DIRECTIONS FOR THIS TASK: Of the entries below, restate word for word only the section that runs from the line with "8 0) :: rat" to the line with "tiling_denominator * ?G", counting both ends.

Saved entries
········

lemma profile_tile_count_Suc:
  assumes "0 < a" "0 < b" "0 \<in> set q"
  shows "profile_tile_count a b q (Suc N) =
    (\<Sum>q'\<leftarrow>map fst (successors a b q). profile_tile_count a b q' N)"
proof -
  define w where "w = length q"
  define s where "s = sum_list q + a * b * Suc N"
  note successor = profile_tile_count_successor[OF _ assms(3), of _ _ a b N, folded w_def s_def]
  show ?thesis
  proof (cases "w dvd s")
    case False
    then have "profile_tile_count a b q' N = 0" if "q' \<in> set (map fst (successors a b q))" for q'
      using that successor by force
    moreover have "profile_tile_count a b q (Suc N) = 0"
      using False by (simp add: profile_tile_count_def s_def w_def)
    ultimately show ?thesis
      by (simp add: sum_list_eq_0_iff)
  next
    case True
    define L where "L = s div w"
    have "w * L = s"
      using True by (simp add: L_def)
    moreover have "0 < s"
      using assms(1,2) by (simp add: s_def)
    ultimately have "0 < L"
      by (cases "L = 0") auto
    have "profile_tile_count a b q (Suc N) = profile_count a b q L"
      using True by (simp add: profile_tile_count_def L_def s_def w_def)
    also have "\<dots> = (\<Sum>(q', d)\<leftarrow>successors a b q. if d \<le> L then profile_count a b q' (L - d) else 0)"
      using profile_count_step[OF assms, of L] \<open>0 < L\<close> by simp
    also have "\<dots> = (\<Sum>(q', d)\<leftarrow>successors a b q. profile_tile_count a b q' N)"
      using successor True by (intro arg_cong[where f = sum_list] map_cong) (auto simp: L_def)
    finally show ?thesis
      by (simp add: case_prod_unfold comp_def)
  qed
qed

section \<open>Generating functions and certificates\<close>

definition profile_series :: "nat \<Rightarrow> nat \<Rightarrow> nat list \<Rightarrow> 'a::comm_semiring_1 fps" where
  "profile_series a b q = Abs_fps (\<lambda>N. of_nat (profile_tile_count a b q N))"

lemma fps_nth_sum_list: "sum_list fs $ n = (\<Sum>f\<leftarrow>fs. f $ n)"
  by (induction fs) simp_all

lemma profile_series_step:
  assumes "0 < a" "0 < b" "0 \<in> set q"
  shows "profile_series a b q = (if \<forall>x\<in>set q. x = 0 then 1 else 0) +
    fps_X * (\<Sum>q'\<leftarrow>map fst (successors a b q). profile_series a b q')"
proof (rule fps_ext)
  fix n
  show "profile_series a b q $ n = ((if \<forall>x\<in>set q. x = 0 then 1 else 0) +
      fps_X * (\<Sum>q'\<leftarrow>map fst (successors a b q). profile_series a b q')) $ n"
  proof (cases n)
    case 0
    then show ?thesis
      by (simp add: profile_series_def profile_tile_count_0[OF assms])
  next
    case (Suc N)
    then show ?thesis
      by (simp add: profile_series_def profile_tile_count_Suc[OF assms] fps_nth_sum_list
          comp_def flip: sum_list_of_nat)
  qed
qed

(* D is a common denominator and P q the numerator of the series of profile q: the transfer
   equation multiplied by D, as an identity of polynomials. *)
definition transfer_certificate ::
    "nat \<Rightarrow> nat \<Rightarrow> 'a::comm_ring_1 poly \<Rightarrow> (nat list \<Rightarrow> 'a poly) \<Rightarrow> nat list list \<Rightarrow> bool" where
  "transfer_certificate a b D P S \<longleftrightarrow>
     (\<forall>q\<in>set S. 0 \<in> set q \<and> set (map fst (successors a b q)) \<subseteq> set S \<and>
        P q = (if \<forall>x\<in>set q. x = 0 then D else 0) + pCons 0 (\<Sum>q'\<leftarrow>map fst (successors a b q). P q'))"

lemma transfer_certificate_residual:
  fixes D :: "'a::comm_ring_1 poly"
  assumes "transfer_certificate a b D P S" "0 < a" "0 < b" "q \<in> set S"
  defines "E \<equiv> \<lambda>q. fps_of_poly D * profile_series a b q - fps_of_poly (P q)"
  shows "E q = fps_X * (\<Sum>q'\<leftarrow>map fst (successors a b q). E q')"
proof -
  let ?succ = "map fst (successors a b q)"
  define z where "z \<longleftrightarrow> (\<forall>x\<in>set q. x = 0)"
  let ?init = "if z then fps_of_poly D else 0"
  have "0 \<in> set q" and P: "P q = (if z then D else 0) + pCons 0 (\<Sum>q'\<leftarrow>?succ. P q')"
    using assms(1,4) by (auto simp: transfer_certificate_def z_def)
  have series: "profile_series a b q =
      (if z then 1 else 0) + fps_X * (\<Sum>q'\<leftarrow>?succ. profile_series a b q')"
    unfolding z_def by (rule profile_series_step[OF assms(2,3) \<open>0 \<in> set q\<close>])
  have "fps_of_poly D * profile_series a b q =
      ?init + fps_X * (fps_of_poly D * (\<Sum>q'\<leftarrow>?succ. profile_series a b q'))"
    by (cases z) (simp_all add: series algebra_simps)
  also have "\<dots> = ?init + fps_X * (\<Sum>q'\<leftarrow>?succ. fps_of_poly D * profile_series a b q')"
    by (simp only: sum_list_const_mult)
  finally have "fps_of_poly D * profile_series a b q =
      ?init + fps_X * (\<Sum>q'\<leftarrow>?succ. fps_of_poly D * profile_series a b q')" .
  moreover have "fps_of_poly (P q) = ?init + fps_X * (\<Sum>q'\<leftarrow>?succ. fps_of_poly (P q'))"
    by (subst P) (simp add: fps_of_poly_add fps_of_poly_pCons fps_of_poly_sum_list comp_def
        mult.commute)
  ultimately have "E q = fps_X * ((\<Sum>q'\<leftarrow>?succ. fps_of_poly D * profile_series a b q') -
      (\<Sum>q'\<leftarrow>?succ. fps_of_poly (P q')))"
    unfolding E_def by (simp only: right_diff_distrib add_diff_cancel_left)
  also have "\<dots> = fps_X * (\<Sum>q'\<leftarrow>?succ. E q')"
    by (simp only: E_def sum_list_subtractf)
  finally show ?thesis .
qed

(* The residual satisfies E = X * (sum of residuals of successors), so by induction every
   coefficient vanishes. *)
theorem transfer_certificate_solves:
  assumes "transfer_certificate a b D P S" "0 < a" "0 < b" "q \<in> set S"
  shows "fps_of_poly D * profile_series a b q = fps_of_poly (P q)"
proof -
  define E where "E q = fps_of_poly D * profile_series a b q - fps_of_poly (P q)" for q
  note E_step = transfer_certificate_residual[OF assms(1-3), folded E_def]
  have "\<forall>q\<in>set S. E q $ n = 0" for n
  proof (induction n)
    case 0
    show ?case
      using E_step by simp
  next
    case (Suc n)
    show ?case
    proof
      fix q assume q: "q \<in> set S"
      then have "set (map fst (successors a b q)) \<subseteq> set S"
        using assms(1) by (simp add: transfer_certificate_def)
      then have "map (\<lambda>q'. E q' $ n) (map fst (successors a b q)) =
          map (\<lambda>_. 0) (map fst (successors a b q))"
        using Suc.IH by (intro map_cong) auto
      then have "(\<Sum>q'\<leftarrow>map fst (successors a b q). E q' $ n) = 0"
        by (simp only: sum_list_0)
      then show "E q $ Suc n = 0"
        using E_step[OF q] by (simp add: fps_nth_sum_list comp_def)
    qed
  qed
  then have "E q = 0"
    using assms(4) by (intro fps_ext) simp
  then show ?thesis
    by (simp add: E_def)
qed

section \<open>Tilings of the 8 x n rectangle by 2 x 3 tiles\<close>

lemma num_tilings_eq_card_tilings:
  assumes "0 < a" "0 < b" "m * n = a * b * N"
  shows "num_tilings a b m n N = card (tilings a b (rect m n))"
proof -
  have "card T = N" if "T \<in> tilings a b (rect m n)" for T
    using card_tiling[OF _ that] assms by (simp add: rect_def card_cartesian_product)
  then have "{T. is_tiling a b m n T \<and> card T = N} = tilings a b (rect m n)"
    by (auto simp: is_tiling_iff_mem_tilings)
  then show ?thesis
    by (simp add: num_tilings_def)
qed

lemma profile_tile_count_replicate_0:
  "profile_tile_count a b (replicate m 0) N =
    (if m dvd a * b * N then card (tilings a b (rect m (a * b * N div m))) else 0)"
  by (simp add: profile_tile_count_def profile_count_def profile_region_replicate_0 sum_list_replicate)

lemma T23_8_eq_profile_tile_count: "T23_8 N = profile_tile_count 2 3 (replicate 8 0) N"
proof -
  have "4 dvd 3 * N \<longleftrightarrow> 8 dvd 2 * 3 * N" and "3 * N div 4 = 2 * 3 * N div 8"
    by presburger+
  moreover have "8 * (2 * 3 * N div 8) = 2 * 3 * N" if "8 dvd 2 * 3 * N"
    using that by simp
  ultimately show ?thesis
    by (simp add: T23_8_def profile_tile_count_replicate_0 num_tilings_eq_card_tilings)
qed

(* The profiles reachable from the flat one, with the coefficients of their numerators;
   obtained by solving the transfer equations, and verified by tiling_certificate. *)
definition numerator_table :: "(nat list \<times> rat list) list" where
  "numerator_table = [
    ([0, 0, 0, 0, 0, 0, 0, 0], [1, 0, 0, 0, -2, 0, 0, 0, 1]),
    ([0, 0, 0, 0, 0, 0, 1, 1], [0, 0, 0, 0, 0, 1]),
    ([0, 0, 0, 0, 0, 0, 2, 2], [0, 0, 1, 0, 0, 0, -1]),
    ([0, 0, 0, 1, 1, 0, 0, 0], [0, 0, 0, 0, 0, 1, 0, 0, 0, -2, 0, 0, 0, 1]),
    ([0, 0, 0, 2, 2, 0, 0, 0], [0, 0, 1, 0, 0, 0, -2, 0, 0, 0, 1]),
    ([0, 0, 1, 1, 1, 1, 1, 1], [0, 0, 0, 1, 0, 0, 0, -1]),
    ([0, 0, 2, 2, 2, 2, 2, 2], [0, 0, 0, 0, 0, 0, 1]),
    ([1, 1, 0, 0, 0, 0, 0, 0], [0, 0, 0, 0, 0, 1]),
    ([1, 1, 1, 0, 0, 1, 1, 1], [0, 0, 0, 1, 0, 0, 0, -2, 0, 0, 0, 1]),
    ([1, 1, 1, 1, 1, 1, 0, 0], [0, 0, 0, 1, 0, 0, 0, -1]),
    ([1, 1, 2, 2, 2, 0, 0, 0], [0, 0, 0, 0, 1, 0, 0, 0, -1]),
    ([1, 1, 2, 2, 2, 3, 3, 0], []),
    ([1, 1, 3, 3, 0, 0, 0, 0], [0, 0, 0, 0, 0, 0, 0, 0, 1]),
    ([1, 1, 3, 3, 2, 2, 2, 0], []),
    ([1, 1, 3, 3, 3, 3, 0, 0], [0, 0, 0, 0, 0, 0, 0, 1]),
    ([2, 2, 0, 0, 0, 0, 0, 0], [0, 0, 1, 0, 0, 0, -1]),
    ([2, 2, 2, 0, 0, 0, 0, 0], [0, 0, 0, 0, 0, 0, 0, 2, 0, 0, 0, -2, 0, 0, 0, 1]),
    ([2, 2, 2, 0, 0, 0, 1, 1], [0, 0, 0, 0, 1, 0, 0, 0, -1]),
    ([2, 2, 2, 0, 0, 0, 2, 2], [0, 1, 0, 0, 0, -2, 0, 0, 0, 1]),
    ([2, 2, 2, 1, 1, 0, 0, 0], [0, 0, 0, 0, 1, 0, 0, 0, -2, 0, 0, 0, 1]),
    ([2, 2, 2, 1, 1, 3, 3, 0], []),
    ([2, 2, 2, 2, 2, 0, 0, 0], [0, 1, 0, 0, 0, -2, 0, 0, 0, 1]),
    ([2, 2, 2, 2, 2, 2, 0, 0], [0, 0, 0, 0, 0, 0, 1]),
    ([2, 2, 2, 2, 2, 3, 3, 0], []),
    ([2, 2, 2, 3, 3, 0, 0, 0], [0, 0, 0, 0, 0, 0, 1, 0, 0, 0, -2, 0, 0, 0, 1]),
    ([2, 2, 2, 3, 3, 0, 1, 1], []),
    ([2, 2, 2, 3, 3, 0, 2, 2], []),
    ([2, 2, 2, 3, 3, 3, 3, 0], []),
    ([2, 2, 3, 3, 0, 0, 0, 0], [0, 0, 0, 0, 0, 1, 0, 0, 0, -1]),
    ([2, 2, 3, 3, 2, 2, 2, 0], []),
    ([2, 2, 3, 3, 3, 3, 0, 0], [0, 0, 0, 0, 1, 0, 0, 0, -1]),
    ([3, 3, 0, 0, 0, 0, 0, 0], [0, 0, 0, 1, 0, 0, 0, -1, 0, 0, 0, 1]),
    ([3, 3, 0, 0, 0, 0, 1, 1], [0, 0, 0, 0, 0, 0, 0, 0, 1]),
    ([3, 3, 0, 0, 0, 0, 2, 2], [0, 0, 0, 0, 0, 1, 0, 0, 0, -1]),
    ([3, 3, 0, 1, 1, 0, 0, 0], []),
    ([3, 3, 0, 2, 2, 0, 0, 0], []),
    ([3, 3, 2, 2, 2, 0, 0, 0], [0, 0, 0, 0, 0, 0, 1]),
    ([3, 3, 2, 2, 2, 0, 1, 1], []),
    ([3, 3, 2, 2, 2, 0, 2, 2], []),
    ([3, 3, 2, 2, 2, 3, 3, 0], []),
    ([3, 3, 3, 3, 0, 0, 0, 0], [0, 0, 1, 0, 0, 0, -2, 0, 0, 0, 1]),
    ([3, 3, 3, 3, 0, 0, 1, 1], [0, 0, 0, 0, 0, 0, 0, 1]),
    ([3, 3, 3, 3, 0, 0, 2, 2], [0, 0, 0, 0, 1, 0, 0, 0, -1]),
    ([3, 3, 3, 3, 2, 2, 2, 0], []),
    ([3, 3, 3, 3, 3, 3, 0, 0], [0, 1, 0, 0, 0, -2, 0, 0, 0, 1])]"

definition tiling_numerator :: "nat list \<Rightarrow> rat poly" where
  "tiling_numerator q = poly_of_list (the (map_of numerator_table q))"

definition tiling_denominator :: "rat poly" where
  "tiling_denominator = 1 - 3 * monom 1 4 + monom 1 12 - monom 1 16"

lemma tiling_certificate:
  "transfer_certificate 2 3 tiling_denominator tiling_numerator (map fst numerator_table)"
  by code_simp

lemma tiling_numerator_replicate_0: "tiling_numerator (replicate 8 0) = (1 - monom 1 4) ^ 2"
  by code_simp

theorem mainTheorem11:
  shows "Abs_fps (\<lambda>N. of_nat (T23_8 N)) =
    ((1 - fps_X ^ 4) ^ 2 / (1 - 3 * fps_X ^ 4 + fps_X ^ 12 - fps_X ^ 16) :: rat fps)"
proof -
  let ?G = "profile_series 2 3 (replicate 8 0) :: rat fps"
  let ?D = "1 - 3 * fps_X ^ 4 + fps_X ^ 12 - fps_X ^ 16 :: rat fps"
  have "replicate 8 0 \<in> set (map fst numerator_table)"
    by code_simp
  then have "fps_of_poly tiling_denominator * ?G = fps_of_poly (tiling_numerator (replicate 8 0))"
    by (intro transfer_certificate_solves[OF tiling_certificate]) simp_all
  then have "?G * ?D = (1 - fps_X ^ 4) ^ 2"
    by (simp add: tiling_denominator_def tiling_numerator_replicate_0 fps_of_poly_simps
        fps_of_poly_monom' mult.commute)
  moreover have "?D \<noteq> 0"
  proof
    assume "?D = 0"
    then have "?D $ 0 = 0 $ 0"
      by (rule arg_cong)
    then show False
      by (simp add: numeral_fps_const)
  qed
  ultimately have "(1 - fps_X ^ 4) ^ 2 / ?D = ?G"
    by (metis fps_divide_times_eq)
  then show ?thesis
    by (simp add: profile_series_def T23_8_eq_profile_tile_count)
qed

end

········

TASK SOLUTION:
  let ?G = "profile_series 2 3 (replicate 8 0) :: rat fps"
  let ?D = "1 - 3 * fps_X ^ 4 + fps_X ^ 12 - fps_X ^ 16 :: rat fps"
  have "replicate 8 0 \<in> set (map fst numerator_table)"
    by code_simp
  then have "fps_of_poly tiling_denominator * ?G = fps_of_poly (tiling_numerator (replicate 8 0))"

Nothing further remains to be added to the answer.